Y la satisfacción de llegar a ellas, de llamarlas buenas tras el esfuerzo de pensar y repensar qué funciona y qué no, es la razón por la que amo lo que hago.

jueves, 25 de agosto de 2016

Noche de encuentros

Fuente: http://goo.gl/hF4zbU

An open mind
An attitude
Of learning about something new

--Above the grass pt. 2, de Frameshift


La noche del martes pasado tuve la oportunidad de asistir a un encuentro de desarrollares de videojuegos, lo cual fue gratificante particularmente por dos razones.

En primer lugar, tuve el honor de representar a la empresa en la que trabajo al mostrar públicamente el nuevo juego que lanzaremos en los próximos meses. No es el único juego que mi equipo y yo hemos desarrollado, pero sí el primero en el que ha recaído sobre mí la tarea de diseño, una responsabilidad muy grande. Es por eso que me sentí muy orgulloso de mostrar lo que logramos, más aún luego de ver al público divirtiéndose al probar el juego.

La segunda gratificación se dio al notar la gran acogida que tuvo el encuentro. La comunidad de desarrolladores de videojuegos no tiene muchas oportunidades de reunirse, de conocerse y de hablar sobre sus proyectos. Por eso me dio gusto ver tanta gente. Esa cantidad de personas es muestra de la necesidad que hay para este tipo de eventos, del enorme interés que hay por los videojuegos en general y, particularmente, por el crecimiento de la industria en todos sus aspectos. Vi gente joven, gente mayor, profesionales, alumnos; pero lo que más me llenó de esperanzas fue ver a un pequeño adolescente escuchando y anotando con avidez todo lo que podía.

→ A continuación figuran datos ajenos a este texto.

lemma sum_square_min_max:
  fixes b c Q e :: "nat \<Rightarrow> 'a::comm_ring"
  shows "(\<Sum>i\<le>n. \<Sum>j\<le>n. b i * c j * (Q (min i j) * e (max i j))) =
         (\<Sum>m\<le>n. (b m * (\<Sum>j\<le>m. c j * Q j) + c m * (\<Sum>i<m. b i * Q i)) * e m)"
proof (induction n)
  case 0
  then show ?case by (simp add: algebra_simps)
next
  case (Suc n)
  have "(\<Sum>i\<le>Suc n. \<Sum>j\<le>Suc n. b i * c j * (Q (min i j) * e (max i j))) =
    (\<Sum>i\<le>n. \<Sum>j\<le>Suc n. b i * c j * (Q (min i j) * e (max i j)))
    + (\<Sum>j\<le>Suc n. b (Suc n) * c j * (Q j * e (Suc n)))"
    by (simp add: max_def min_def)
  also have "(\<Sum>i\<le>n. \<Sum>j\<le>Suc n. b i * c j * (Q (min i j) * e (max i j)))
     = (\<Sum>i\<le>n. \<Sum>j\<le>n. b i * c j * (Q (min i j) * e (max i j)))
       + (\<Sum>i\<le>n. b i * c (Suc n) * (Q i * e (Suc n)))"
    by (simp add: sum.distrib min_absorb1 max_absorb2)
  finally show ?case unfolding Suc.IH
    by (simp add: algebra_simps sum_distrib_left sum_distrib_right lessThan_Suc_atMost)
qed

lemma radial_kernel_mult:
  assumes "x \<in> words q n" "y \<in> words q n"
  shows "kernel_mult (words q n) (radial_kernel n b) (radial_kernel n c) x y
         = radial_kernel n (radial_coeff_mult q b c) x y"
proof -
  let ?W = "words q n"
  have "kernel_mult ?W (radial_kernel n b) (radial_kernel n c) x y
      = (\<Sum>i\<le>n. \<Sum>j\<le>n. b i * c j * kernel_mult ?W (ball_kernel n i) (ball_kernel n j) x y)"
    unfolding kernel_mult_def radial_kernel_def sum_product
    by (simp add: sum_distrib_left algebra_simps sum.swap[of _ ?W])
  also have "\<dots> = (\<Sum>i\<le>n. \<Sum>j\<le>n. b i * c j * (real q ^ min i j * ball_kernel n (max i j) x y))"
    using assms by (simp add: ball_kernel_mult)
  also have "\<dots> = radial_kernel n (radial_coeff_mult q b c) x y"
    unfolding sum_square_min_max[where Q="\<lambda>k. real q ^ k" and e="\<lambda>k. ball_kernel n k x y"]
      radial_kernel_def radial_coeff_mult_def ..
  finally show ?thesis .
qed

lemma radial_kernel_lincomb:
  "radial_kernel n (\<lambda>j. a * b j + c * d j) x y = a * radial_kernel n b x y + c * radial_kernel n d x y"
  unfolding radial_kernel_def sum_distrib_left sum.distrib[symmetric]
  by (intro sum.cong) (simp_all add: algebra_simps)

lemma radial_kernel_udist: "radial_kernel n b x y = (\<Sum>j = udist n x y..n. b j)"
proof -
  have "radial_kernel n b x y = (\<Sum>j\<in>{..n}. if udist n x y \<le> j then b j else 0)"
    unfolding radial_kernel_def ball_kernel_def by (intro sum.cong) auto
  also have "\<dots> = (\<Sum>j\<in>{j \<in> {..n}. udist n x y \<le> j}. b j)"
    by (rule sum.inter_filter[symmetric]) simp
  also have "{j \<in> {..n}. udist n x y \<le> j} = {udist n x y..n}" by auto
  finally show ?thesis .
qed

lemma lumpable_radial_kernel_mult:
  assumes "partition_on (words q n) P"
    and "lumpable_kernel P (radial_kernel n b)" "lumpable_kernel P (radial_kernel n c)"
  shows "lumpable_kernel P (radial_kernel n (radial_coeff_mult q b c))"
  using lumpable_kernel_mult[OF assms(1) finite_words assms(2,3)] assms(1)
  by (rule lumpable_kernel_cong) (simp add: radial_kernel_mult)

section \<open>The Insect kernel\<close>

definition insect_coeff :: "nat \<Rightarrow> nat \<Rightarrow> nat \<Rightarrow> real" where
  "insect_coeff q n j =
     (if j = 0 then 0 else if j = 1 then (1 / real q) * (1 - alpha q n 1) else insect_term q n j)"

lemma alpha_bounds:
  assumes q: "q \<ge> 2" and l: "1 \<le> l" "l < n"
  shows "0 < alpha q n l" "alpha q n l < 1"
proof -
  have q1: "real q \<ge> 2" using q by simp
  have "real q ^ l \<ge> real q ^ 1" using q1 l by (intro power_increasing) auto
  then have A: "real q ^ l - 1 > 0" using q1 by (simp only: power_one_right)
  have "real q ^ (l + 1) = real q * real q ^ l" by simp
  also have "\<dots> > real q ^ l" using q1 A by (simp add: mult_less_cancel_right1)
  finally have B: "real q ^ (l + 1) - 1 > real q ^ l - 1" by simp
  have an: "alpha q n l = (real q ^ l - 1) / (real q ^ (l + 1) - 1)" using l by (simp add: alpha_def)
  show "0 < alpha q n l" unfolding an using A B by simp
  show "alpha q n l < 1" unfolding an using A B by simp
qed

lemma one_minus_alpha_pos:
  assumes "q \<ge> 2" "1 \<le> l" "l \<le> n"
  shows "0 < 1 - alpha q n l"
  using alpha_bounds[OF assms(1,2)] assms(3) by (cases "l = n") (auto simp: alpha_def)

lemma insect_coeff_pos:
  assumes q: "q \<ge> 2" and j: "1 \<le> j" "j \<le> n"
  shows "0 < insect_coeff q n j"
proof -
  have "0 < (\<Prod>l\<in>{1..<j}. alpha q n l)"
    by (rule prod_pos) (use alpha_bounds[OF q] j in auto)
  moreover have "0 < 1 / real q ^ j" using q by simp
  ultimately have "0 < insect_term q n j"
    unfolding insect_term_def using one_minus_alpha_pos[OF q j] by simp
  then show ?thesis
    using one_minus_alpha_pos[OF q order.refl, of n] j q unfolding insect_coeff_def by auto
qed
(* The group of $\mathbb{Z}$-algebra automorphisms of $B(K)$ is generated by the automorphisms $\alpha$ of the following form: for some $1\le k\le n$ and some $h\in\mathcal{G}$ not depending on $x_k$, $\alpha$ is induced by $x_k\mapsto x_k+h-2x_kh$, $x_i\mapsto x_i$ ($i\ne k$). Moreover, this automorphism group is isomorphic to the group of all permutations of the $2^n$ vertices of the $n$-dimensional Boolean cube $\{0,1\}^n$.
   Context: $K=\mathbb{Z}[x_1,\ldots,x_n]$ and $B(K)$ is the quotient of $K$ by the ideal $I$ generated by $x_i^2-x_i$, $i=1,\ldots,n$. The set $\mathcal{G}\subseteq\mathbb{Z}[x_1,\ldots,x_n]$ is defined recursively as the smallest set such that: each variable $x_1,\ldots,x_n$ belongs to $\mathcal{G}$; if $P\in\mathcal{G}$ then $1-P\in\mathcal{G}$; if $P_1,P_2\in\mathcal{G}$ then $P_1P_2\in\mathcal{G}$. *)

theory Defs
  imports "HOL-Algebra.Algebra" "HOL-Library.Poly_Mapping"
begin

type_synonym zpoly = "(nat \<Rightarrow>\<^sub>0 nat) \<Rightarrow>\<^sub>0 int"

definition pvar :: "nat \<Rightarrow> zpoly" where
  "pvar i = Poly_Mapping.single (Poly_Mapping.single i 1) 1"

inductive_set Gset :: "nat \<Rightarrow> zpoly set" for n :: nat where
  var: "i \<in> {1..n} \<Longrightarrow> pvar i \<in> Gset n"
| compl: "P \<in> Gset n \<Longrightarrow> 1 - P \<in> Gset n"
| prod: "P1 \<in> Gset n \<Longrightarrow> P2 \<in> Gset n \<Longrightarrow> P1 * P2 \<in> Gset n"

text \<open>B(K) is represented by its standard normal form: every residue class has a
  unique multilinear representative, i.e. a Z-linear combination of the
  square-free monomials x_S = prod_{i in S} x_i, S a subset of {1..n}.
  An element is the coefficient function S |-> coefficient of x_S,
  supported in Pow {1..n}.  Multiplication is x_S * x_T = x_(S Un T).\<close>

definition Bcarrier :: "nat \<Rightarrow> (nat set \<Rightarrow> int) set" where
  "Bcarrier n = {p. \<forall>S. p S \<noteq> 0 \<longrightarrow> S \<subseteq> {1..n}}"

definition Badd :: "(nat set \<Rightarrow> int) \<Rightarrow> (nat set \<Rightarrow> int) \<Rightarrow> (nat set \<Rightarrow> int)" where
  "Badd p q = (\<lambda>S. p S + q S)"

definition Bmult :: "(nat set \<Rightarrow> int) \<Rightarrow> (nat set \<Rightarrow> int) \<Rightarrow> (nat set \<Rightarrow> int)" where
  "Bmult p q = (\<lambda>U. \<Sum>S\<in>Pow U. \<Sum>T\<in>Pow U. if S \<union> T = U then p S * q T else 0)"

definition Bone :: "nat set \<Rightarrow> int" where
  "Bone = (\<lambda>S. if S = {} then 1 else 0)"

definition Bvar :: "nat \<Rightarrow> (nat set \<Rightarrow> int)" where
  "Bvar k = (\<lambda>S. if S = {k} then 1 else 0)"

definition Bring :: "nat \<Rightarrow> (nat set \<Rightarrow> int) ring" where
  "Bring n = \<lparr>carrier = Bcarrier n, monoid.mult = Bmult, one = Bone,
              ring.zero = (\<lambda>_. 0), ring.add = Badd\<rparr>"

text \<open>The canonical projection K -> B(K): a monomial x^m is sent to x_S with
  S the set of variables occurring in m (since x_i^2 = x_i).\<close>

definition Bproj :: "zpoly \<Rightarrow> (nat set \<Rightarrow> int)" where
  "Bproj P = (\<lambda>S. \<Sum>m\<in>{m \<in> Poly_Mapping.keys P. Poly_Mapping.keys m = S}. Poly_Mapping.lookup P m)"

definition Bindep :: "nat \<Rightarrow> (nat set \<Rightarrow> int) \<Rightarrow> bool" where
  "Bindep k b \<longleftrightarrow> (\<forall>S. b S \<noteq> 0 \<longrightarrow> k \<notin> S)"

text \<open>Z-algebra automorphisms of B(K) = ring automorphisms (every ring map is
  Z-linear), as extensional bijections of the carrier, under composition.\<close>

definition BAut :: "nat \<Rightarrow> ((nat set \<Rightarrow> int) \<Rightarrow> (nat set \<Rightarrow> int)) monoid" where
  "BAut n = BijGroup (Bcarrier n)
     \<lparr>carrier := ring_iso (Bring n) (Bring n) \<inter> Bij (Bcarrier n)\<rparr>"

definition BGens :: "nat \<Rightarrow> ((nat set \<Rightarrow> int) \<Rightarrow> (nat set \<Rightarrow> int)) set" where
  "BGens n = {\<alpha> \<in> carrier (BAut n). \<exists>k\<in>{1..n}. \<exists>h\<in>Gset n.
      Bindep k (Bproj h) \<and>
      \<alpha> (Bvar k) = (\<lambda>S. Bvar k S + Bproj h S - 2 * Bmult (Bvar k) (Bproj h) S) \<and>
      (\<forall>i\<in>{1..n}. i \<noteq> k \<longrightarrow> \<alpha> (Bvar i) = Bvar i)}"
lemma finite_lines_avoiding: "finite (lines_avoiding Lines L)"
proof -
  have "lines_avoiding Lines L \<subseteq> Pow {1..d}"
    using line_subset unfolding lines_avoiding_def by auto
  then show ?thesis using finite_subset by blast
qed

lemma line_in_line_circuits: "l \<in> Lines \<Longrightarrow> l \<in> line_circuits d Lines"
  using line_subset unfolding line_circuits_def by auto

lemma dependent_with_loops_iff:
  assumes "S \<subseteq> {1..d}"
  shows "dependent_in (with_loops L) S \<longleftrightarrow>
    S \<inter> L \<noteq> {} \<or> (\<exists>l\<in>lines_avoiding Lines L. l \<subseteq> S) \<or> 4 \<le> card S"
proof
  assume "dependent_in (with_loops L) S"
  then obtain c where c: "c \<subseteq> S" "(c \<in> Lines \<or> card c = 4) \<and> c \<inter> L = {} \<or> (\<exists>s\<in>L. c = {s})"
    unfolding dependent_in_def make_loops_def line_circuits_def by auto
  from c(2) consider s where "s \<in> L" "c = {s}" | "c \<in> Lines" "c \<inter> L = {}" | "card c = 4"
    by blast
  then show "S \<inter> L \<noteq> {} \<or> (\<exists>l\<in>lines_avoiding Lines L. l \<subseteq> S) \<or> 4 \<le> card S"
  proof cases
    case 1
    then show ?thesis using c(1) by auto
  next
    case 2
    then show ?thesis using c(1) unfolding lines_avoiding_def by blast
  next
    case 3
    have "finite S" using assms finite_subset by blast
    then show ?thesis using card_mono[OF _ c(1)] 3 by simp
  qed
next
  assume "S \<inter> L \<noteq> {} \<or> (\<exists>l\<in>lines_avoiding Lines L. l \<subseteq> S) \<or> 4 \<le> card S"
  then consider "S \<inter> L \<noteq> {}" | l where "l \<in> lines_avoiding Lines L" "l \<subseteq> S"
    | "S \<inter> L = {}" "4 \<le> card S"
    by blast
  then show "dependent_in (with_loops L) S"
  proof cases
    case 1
    then obtain s where "s \<in> S" "s \<in> L" by blast
    then have "{s} \<in> with_loops L" "{s} \<subseteq> S" unfolding make_loops_def by blast+
    then show ?thesis unfolding dependent_in_def by blast
  next
    case 2
    then have "l \<in> with_loops L"
      using line_in_line_circuits unfolding make_loops_def lines_avoiding_def by blast
    with 2 show ?thesis unfolding dependent_in_def by blast
  next
    case 3
    obtain T where T: "T \<subseteq> S" "card T = 4"
      using 3(2) obtain_subset_with_card_n by metis
    then have TL: "T \<inter> L = {}" using 3(1) by blast
    show ?thesis
    proof (cases "\<exists>l\<in>Lines. l \<subseteq> T")
      case True
      then obtain l where "l \<in> Lines" "l \<subseteq> T" by blast
      then have "l \<in> with_loops L" "l \<subseteq> S"
        using line_in_line_circuits TL T(1) unfolding make_loops_def by blast+
      then show ?thesis unfolding dependent_in_def by blast
    next
      case False
      then have "T \<in> with_loops L"
        using T TL assms unfolding make_loops_def line_circuits_def by blast
      with T(1) show ?thesis unfolding dependent_in_def by blast
    qed
  qed
qed

lemma V_circuit_with_loops_iff:
  assumes "L \<subseteq> {1..d}"
  shows "\<gamma> \<in> V_circuit d (with_loops L) \<longleftrightarrow>
    \<gamma> \<in> cfg_space d \<and> (\<forall>s\<in>L. \<gamma> s = 0) \<and> (\<forall>l\<in>lines_avoiding Lines L. lin_dep_family \<gamma> l)"
proof
  assume \<gamma>: "\<gamma> \<in> V_circuit d (with_loops L)"
  then have dep: "lin_dep_family \<gamma> S" if "S \<subseteq> {1..d}" "dependent_in (with_loops L) S" for S
    using that unfolding V_circuit_def by blast
  have "\<gamma> s = 0" if s: "s \<in> L" for s
  proof -
    have "{s} \<subseteq> {1..d}" using s assms by blast
    with s have "lin_dep_family \<gamma> {s}" by (intro dep) (simp_all add: dependent_with_loops_iff)
    then show ?thesis by (simp add: lin_dep_family_singleton)
  qed
  moreover have "lin_dep_family \<gamma> l" if l: "l \<in> lines_avoiding Lines L" for l
  proof -
    have "l \<subseteq> {1..d}" using l line_subset unfolding lines_avoiding_def by blast
    with l show ?thesis by (intro dep) (auto simp: dependent_with_loops_iff)
  qed
  moreover have "\<gamma> \<in> cfg_space d" using \<gamma> unfolding V_circuit_def by blast
  ultimately show "\<gamma> \<in> cfg_space d \<and> (\<forall>s\<in>L. \<gamma> s = 0) \<and>
      (\<forall>l\<in>lines_avoiding Lines L. lin_dep_family \<gamma> l)"
    by blast
next
  assume \<gamma>: "\<gamma> \<in> cfg_space d \<and> (\<forall>s\<in>L. \<gamma> s = 0) \<and> (\<forall>l\<in>lines_avoiding Lines L. lin_dep_family \<gamma> l)"
  have "lin_dep_family \<gamma> S" if S: "S \<subseteq> {1..d}" "dependent_in (with_loops L) S" for S
  proof -
    have "finite S" using S(1) finite_subset by blast
    from S(2) consider s where "s \<in> S" "s \<in> L" | l where "l \<in> lines_avoiding Lines L" "l \<subseteq> S"
      | "4 \<le> card S"
      unfolding dependent_with_loops_iff[OF S(1)] by blast
    then show ?thesis
    proof cases
      case 1
      then show ?thesis using \<gamma> \<open>finite S\<close> lin_dep_family_if_zero by metis
    next
      case 2
      then show ?thesis using \<gamma> \<open>finite S\<close> lin_dep_family_mono by metis
    next
      case 3
      then show ?thesis using \<open>finite S\<close> lin_dep_family_card_ge_4 by blast
    qed
  qed
  with \<gamma> show "\<gamma> \<in> V_circuit d (with_loops L)" unfolding V_circuit_def by blast
qed

lemma V_circuit_with_loops_antimono:
  assumes "L \<subseteq> L'" "L' \<subseteq> {1..d}"
  shows "V_circuit d (with_loops L') \<subseteq> V_circuit d (with_loops L)"
proof
  fix \<gamma> assume "\<gamma> \<in> V_circuit d (with_loops L')"
  then have \<gamma>: "\<gamma> \<in> cfg_space d" "\<forall>s\<in>L'. \<gamma> s = 0" "\<forall>l\<in>lines_avoiding Lines L'. lin_dep_family \<gamma> l"
    unfolding V_circuit_with_loops_iff[OF assms(2)] by auto
  have "lin_dep_family \<gamma> l" if l: "l \<in> lines_avoiding Lines L" for l
  proof (cases "l \<inter> L' = {}")
    case True
    then have "l \<in> lines_avoiding Lines L'" using l by (simp add: lines_avoiding_def)
    with \<gamma>(3) show ?thesis by simp
  next
    case False
    then obtain s where "s \<in> l" "s \<in> L'" by blast
    moreover have "finite l"
      using l card_line card.infinite unfolding lines_avoiding_def by fastforce
    ultimately show ?thesis using \<gamma>(2) lin_dep_family_if_zero by metis
  qed
  with \<gamma> assms show "\<gamma> \<in> V_circuit d (with_loops L)"
    unfolding V_circuit_with_loops_iff[OF order_trans[OF assms]] by auto
qed

lemma V_matroid_subset_V_circuit:
  assumes "L \<subseteq> {1..d}"
  shows "V_matroid d (with_loops L) \<subseteq> V_circuit d (with_loops L)"
proof
  fix \<gamma> assume \<gamma>: "\<gamma> \<in> V_matroid d (with_loops L)"
  have vanish: "p \<gamma> = 0" if p: "p \<in> poly_funs" "\<And>\<rho>. \<rho> \<in> V_circuit d (with_loops L) \<Longrightarrow> p \<rho> = 0" for p
  proof -
    have "\<forall>\<rho>\<in>realizations d (with_loops L). p \<rho> = 0"
      using p(2) realization_imp_V_circuit by blast
    moreover have "\<forall>p\<in>poly_funs. (\<forall>\<rho>\<in>realizations d (with_loops L). p \<rho> = 0) \<longrightarrow> p \<gamma> = 0"
      using \<gamma> unfolding V_matroid_def zariski_closure_def by simp
    ultimately show ?thesis using p(1) by blast
  qed
  have "\<gamma> s = 0" if s: "s \<in> L" for s
  proof -
    have "\<gamma> s $ r = 0" for r
      by (rule vanish[OF poly_funs.coord]) (use s in \<open>simp add: V_circuit_with_loops_iff[OF assms]\<close>)
    then show ?thesis by (simp add: vec_eq_iff)
  qed
  moreover have "lin_dep_family \<gamma> l" if l: "l \<in> lines_avoiding Lines L" for l
  proof -
    have "card l = 3" using l card_line unfolding lines_avoiding_def by blast
    then obtain a b c where abc: "l = {a, b, c}" "a \<noteq> b" "a \<noteq> c" "b \<noteq> c"
      unfolding card_3_iff by blast
    note dep_iff = lin_dep_family_triple_iff[OF abc(2-4)]
    have "det3 (\<gamma> a) (\<gamma> b) (\<gamma> c) = 0"
      by (rule vanish[OF poly_funs_det3])
        (use l abc(1) in \<open>simp add: V_circuit_with_loops_iff[OF assms] flip: dep_iff\<close>)
    then show ?thesis by (simp add: abc(1) dep_iff)
  qed
  moreover have "\<gamma> \<in> cfg_space d" using \<gamma> unfolding V_matroid_def zariski_closure_def by blast
  ultimately show "\<gamma> \<in> V_circuit d (with_loops L)" by (simp add: V_circuit_with_loops_iff[OF assms])
qed

definition off_line_triples_independent :: "nat set \<Rightarrow> (nat \<Rightarrow> complex^3) \<Rightarrow> bool" where
  "off_line_triples_independent L \<gamma> \<longleftrightarrow>
    (\<forall>a\<in>{1..d} - L. \<forall>b\<in>{1..d} - L. \<forall>c\<in>{1..d} - L.
      distinct [a, b, c] \<longrightarrow> {a, b, c} \<notin> lines_avoiding Lines L \<longrightarrow> det3 (\<gamma> a) (\<gamma> b) (\<gamma> c) \<noteq> 0)"

lemma realization_imp_off_line_triples_independent:
  assumes \<gamma>: "\<gamma> \<in> realizations d (with_loops L)"
  shows "off_line_triples_independent L \<gamma>"
  unfolding off_line_triples_independent_def
proof (intro ballI impI)
  fix a b c assume abc: "a \<in> {1..d} - L" "b \<in> {1..d} - L" "c \<in> {1..d} - L"
    and dist: "distinct [a, b, c]" and nl: "{a, b, c} \<notin> lines_avoiding Lines L"
  have S: "{a, b, c} \<subseteq> {1..d}" using abc by blast
  have "\<not> dependent_in (with_loops L) {a, b, c}"
  proof
    assume "dependent_in (with_loops L) {a, b, c}"
    then consider l where "l \<in> lines_avoiding Lines L" "l \<subseteq> {a, b, c}" | "4 \<le> card {a, b, c}"
      using abc unfolding dependent_with_loops_iff[OF S] by blast
    then show False
    proof cases
      case 1
      have "card l = 3" using 1(1) card_line unfolding lines_avoiding_def by blast
      then have "l = {a, b, c}" using 1(2) dist by (intro card_subset_eq) auto
      with 1(1) nl show False by simp
    next
      case 2
      then show False using dist by simp
    qed
  qed
  with \<gamma> S have "\<not> lin_dep_family \<gamma> {a, b, c}" unfolding realizations_def by blast
  with dist show "det3 (\<gamma> a) (\<gamma> b) (\<gamma> c) \<noteq> 0" by (simp add: lin_dep_family_triple_iff)
qed

lemma realization_if_off_line_triples_independent:
  assumes L: "card (lines_avoiding Lines L) + 3 \<le> card ({1..d} - L)"
    and \<gamma>: "\<gamma> \<in> V_circuit d (with_loops L)" "off_line_triples_independent L \<gamma>"
  shows "\<gamma> \<in> realizations d (with_loops L)"
  unfolding realizations_def
proof (intro CollectI conjI allI impI)
  show "\<gamma> \<in> cfg_space d" using \<gamma>(1) unfolding V_circuit_def by blast
  fix S assume S: "S \<subseteq> {1..d}"
  show "lin_dep_family \<gamma> S \<longleftrightarrow> dependent_in (with_loops L) S"
  proof
    assume dep: "lin_dep_family \<gamma> S"
    show "dependent_in (with_loops L) S"
    proof (rule ccontr)
      assume nd: "\<not> dependent_in (with_loops L) S"
      then have SL: "S \<subseteq> {1..d} - L" "S \<notin> lines_avoiding Lines L" "card S \<le> 3"
        using S unfolding dependent_with_loops_iff[OF S] by auto
      have "S \<noteq> {}" using dep unfolding lin_dep_family_def by blast
      then obtain T where T: "S \<subseteq> T" "T \<subseteq> {1..d} - L" "card T = 3" "T \<notin> lines_avoiding Lines L"
        using exists_triple_extension[OF _ finite_lines_avoiding L SL(1) _ SL(3) SL(2)] by blast
      then obtain a b c where abc: "T = {a, b, c}" "distinct [a, b, c]"
        unfolding card_3_iff by auto
      have "det3 (\<gamma> a) (\<gamma> b) (\<gamma> c) \<noteq> 0"
        using \<gamma>(2) T(2,4) abc unfolding off_line_triples_independent_def by auto
      moreover have "lin_dep_family \<gamma> T"
        using lin_dep_family_mono[OF dep T(1)] abc(1) by simp
      ultimately show False using abc by (simp add: lin_dep_family_triple_iff)
    qed
  next
    assume "dependent_in (with_loops L) S"
    with \<gamma>(1) S show "lin_dep_family \<gamma> S" unfolding V_circuit_def by blast
  qed
qed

Me alegra que este tipo de iniciativas estén comenzando a surgir con mayor frecuencia y fuerza, en especial en este país, donde el potencial para el desarrollo de juegos es gigantesco. Aplaudo la energía, el esfuerzo y la determinación de los integrantes de Game Devs Perú, organizadores del encuentro, y me apunto desde ya para el siguiente.

domingo, 21 de agosto de 2016

Un nuevo reto


Ahora estamos despiertos
Este es nuestro momento

--Salta, de Amaral


Una de las metas que me planteé allá cuando terminaba el colegio era ser profesor. Jugar Calabozos y Dragones fue uno de los motivos principales en este planteamiento, así como el tener de ejemplo a maestros que recuerdo con admiración y cariño. No obstante, mi seguridad siempre fallaba al preguntarme cuándo sería profesor y qué materia dictaría. Hasta hace poco.

Llevo más de tres años en el desarrollo de videojuegos, y aunque no son exactamente una de mis pasiones, tengo amplia experiencia en su uso y creación, conozco muchísimo sobre ellos y me encantan lo suficiente como para transmitir lo que sé a otros. Por todo ello, un par de meses atrás, finalmente decidí convertirme en profesor y enseñar a crear videojuegos. Con la ayuda de familiares, amigos y contactos logré conseguir una plaza de docencia en un instituto donde enseñan dicha carrera, y este martes daré mi primera clase.

¿Por qué ahora? Las razones básicas incluyen el obtener un nuevo ingreso económico y el ampliar mi desarrollo profesional. Son razones importantes, pero no las que me impulsaron a dar este enorme salto.

La industria de videojuegos en el Perú está lejos de ser la ideal, especialmente si la comparamos con las de Finlandia o Canadá. Hay muchos factores que juegan un rol importante en eso, y uno de ellos es la educación; concretamente, la falta de un sistema organizado, coherente y útil de educación en el desarrollo de videojuegos. Simplificándolo bastante, esto genera que quienes estudian esta carrera no logren integrarse adecuadamente a la industria, lo cual perjudica a ambas partes.

Ligado a esto, está el hecho de que los alumnos tienen una visión idealizada de lo que es ser un creador de videojuegos en el Perú, y es ahí donde creo que seré de mayor ayuda, dado que conozco esa realidad muy de cerca. Yo también tuve ilusiones con respecto a mi trabajo actual, y aunque sigo enamorado de lo que hago, sé que mi visión inicial era muy distinta de la que tengo ahora.

Si bien el curso que dictaré no ahonda en temas de realidad peruana, es necesario que los chicos sepan en qué se están metiendo y qué les espera al terminar la carrera. Sé que puedo ayudar en esos aspectos, prepararlos para lo que vendrá y mantenerlos lo suficientemente motivados como para que no pierdan el mismo amor por los videojuegos que a mí me trajo adonde estoy el día de hoy. Por eso quiero enseñar; y por eso ahora.